IBM X3850 Server, 5 73G SAS hard Drive, where 4 pieces make up one RAID5, the other as a hot spare (hot-spare), 3rd disk is already offline, but the hot spare is not automatically activated rebuild (unexplained), after 2nd disk offline, RAID crashes.
Operating system for Linux Redhat 5.3, Application systems for the architecture of an Oracle OA, the data is important, time is very urgent. Because Oracle no longer provides follow-up support for this OA system, users require data recovery + operating system recovery as much as possible.

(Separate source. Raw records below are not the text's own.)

text \<open>On a convex neighbourhood of the chord, the holomorphic function \<open>[C, C'] = x y' - y x'\<close> has a
  primitive \<open>H\<close>. Since \<open>[p, C']\<close> is the derivative of \<open>[p, C]\<close>, integrating \<open>[C - p, C']\<close> along the
  chord gives the closed form \<open>4 f(s, w) = H(s + w) - H(s - w) + [C(s + w), C(s - w)]\<close>, holomorphic in
  both endpoints. Differentiating it, the terms combine (bilinearly, for any motion of the two endpoints)
  into \<open>\<langle>iR((C(z) - C(w))/2), d((C(z) + C(w))/2)\<rangle>\<close>. Reality comes from Schwarz reflection:
  \<open>C(cnj z) = cnj (C z)\<close>, so \<open>[C, C']\<close> commutes with conjugation, \<open>Re H(cnj z) = Re H(z)\<close>, and
  \<open>4 f(s, it)\<close> is purely imaginary.\<close>

definition wronskian :: "(complex \<Rightarrow> complex) \<Rightarrow> (complex \<Rightarrow> complex) \<Rightarrow> complex \<Rightarrow> complex" where
  "wronskian x y z = x z * deriv y z - y z * deriv x z"

definition primitive_area ::
    "(complex \<Rightarrow> complex) \<Rightarrow> (complex \<Rightarrow> complex) \<Rightarrow> (complex \<Rightarrow> complex) \<Rightarrow> complex \<Rightarrow> complex \<Rightarrow> complex"
  where "primitive_area H x y z w = (H z - H w + x z * y w - x w * y z) / 4"

lemma area_f_eq_primitive_area:
  assumes "\<And>z. z \<in> closed_segment (of_real s - w) (of_real s + w) \<Longrightarrow>
      (H has_field_derivative wronskian x y z) (at z)
      \<and> x field_differentiable at z \<and> y field_differentiable at z"
  shows "area_f x y s w = primitive_area H x y (of_real s + w) (of_real s - w)"
proof -
  define z1 where "z1 = of_real s + w"
  define z2 where "z2 = of_real s - w"
  define px where "px = (x z1 + x z2) / 2"
  define py where "py = (y z1 + y z2) / 2"
  define Q where "Q r = H r - px * y r + py * x r" for r
  have "(Q has_field_derivative det2 (x r - px, y r - py) (deriv x r, deriv y r))
      (at r within closed_segment z2 z1)" if "r \<in> closed_segment z2 z1" for r
  proof -
    from assms[of r] that have "(H has_field_derivative wronskian x y r) (at r)"
      and "(x has_field_derivative deriv x r) (at r)" "(y has_field_derivative deriv y r) (at r)"
      by (auto simp: z1_def z2_def DERIV_deriv_iff_field_differentiable)
    then have "(Q has_field_derivative wronskian x y r - px * deriv y r + py * deriv x r) (at r)"
      unfolding Q_def[abs_def] by (intro DERIV_add DERIV_diff DERIV_cmult)
    then show ?thesis
      by (simp add: has_field_derivative_at_within wronskian_def det2_def algebra_simps)
  qed
  then have ci: "contour_integral (linepath z2 z1)
      (\<lambda>r. det2 (x r - px, y r - py) (deriv x r, deriv y r)) = Q z1 - Q z2"
    by (intro contour_integral_unique contour_integral_primitive[where S = "closed_segment z2 z1",
          of _ _ "linepath z2 z1", simplified]) auto
  have "area_f x y s w = (Q z1 - Q z2) / 4"
    unfolding area_f_def Let_def z1_def[symmetric] z2_def[symmetric] px_def[symmetric]
      py_def[symmetric] ci ..
  also have "Q z1 - Q z2 = H z1 - H z2 + x z1 * y z2 - x z2 * y z1"
    by (simp add: Q_def px_def py_def field_simps)
  finally show ?thesis
    by (simp add: primitive_area_def z1_def z2_def)
qed

lemma has_vector_derivative_Complex_Re: "((\<lambda>\<sigma>. Complex \<sigma> c) has_vector_derivative 1) (at s)"
proof -
  have "(\<lambda>\<sigma>. Complex \<sigma> c) = (\<lambda>\<sigma>. of_real \<sigma> + Complex 0 c)"
    by (auto simp: complex_eq_iff)
  then show ?thesis by (auto intro!: derivative_eq_intros)
qed

lemma has_vector_derivative_Complex_Im: "((\<lambda>\<tau>. Complex c \<tau>) has_vector_derivative \<i>) (at t)"
proof -
  have "(\<lambda>\<tau>. Complex c \<tau>) = (\<lambda>\<tau>. of_real c + \<i> * of_real \<tau>)"
    by (auto simp: complex_eq_iff)
  then show ?thesis by (auto intro!: derivative_eq_intros)
qed

lemma has_vector_derivative_Complex_uminus_Im:
  "((\<lambda>\<tau>. Complex c (-\<tau>)) has_vector_derivative - \<i>) (at t)"
proof -
  have "(\<lambda>\<tau>. Complex c (-\<tau>)) = (\<lambda>\<tau>. of_real c - \<i> * of_real \<tau>)"
    by (auto simp: complex_eq_iff)
  then show ?thesis by (auto intro!: derivative_eq_intros)
qed

lemma has_vector_derivative_comp_holomorphic:
  assumes "(A has_vector_derivative A') (at u)" "f holomorphic_on S" "open S" "A u \<in> S"
  shows "((\<lambda>v. f (A v)) has_vector_derivative A' * deriv f (A u)) (at u)"
  using field_vector_diff_chain_at[OF assms(1) holomorphic_derivI[OF assms(2-4)]]
  by (simp add: o_def)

"Preliminary Examination conclusion"
Hot spares is completely not enabled, the hard disk has no obvious physical failure, no obvious synchronous performance. Data can usually be recovered
"Recovery Scenarios"
1, the protection of the original environment, shut down the server to ensure that the recovery process no longer open the server.
2, the failure of the hard drive marked serial number, to ensure that the slot can be fully recovered after the position.
3. Mount the failed hard drive to a read-only environment, complete mirroring for all failed hard drives (reference < How to complete a full mirrored backup of the disk >). After the backup is completed, the original failure disk is returned and the recovery operation is not related to the original failure disk until the data is confirmed.
4, the backup disk for RAID structure analysis, get its original RAID level, stripe rules, stripe size, calibration direction, meta area.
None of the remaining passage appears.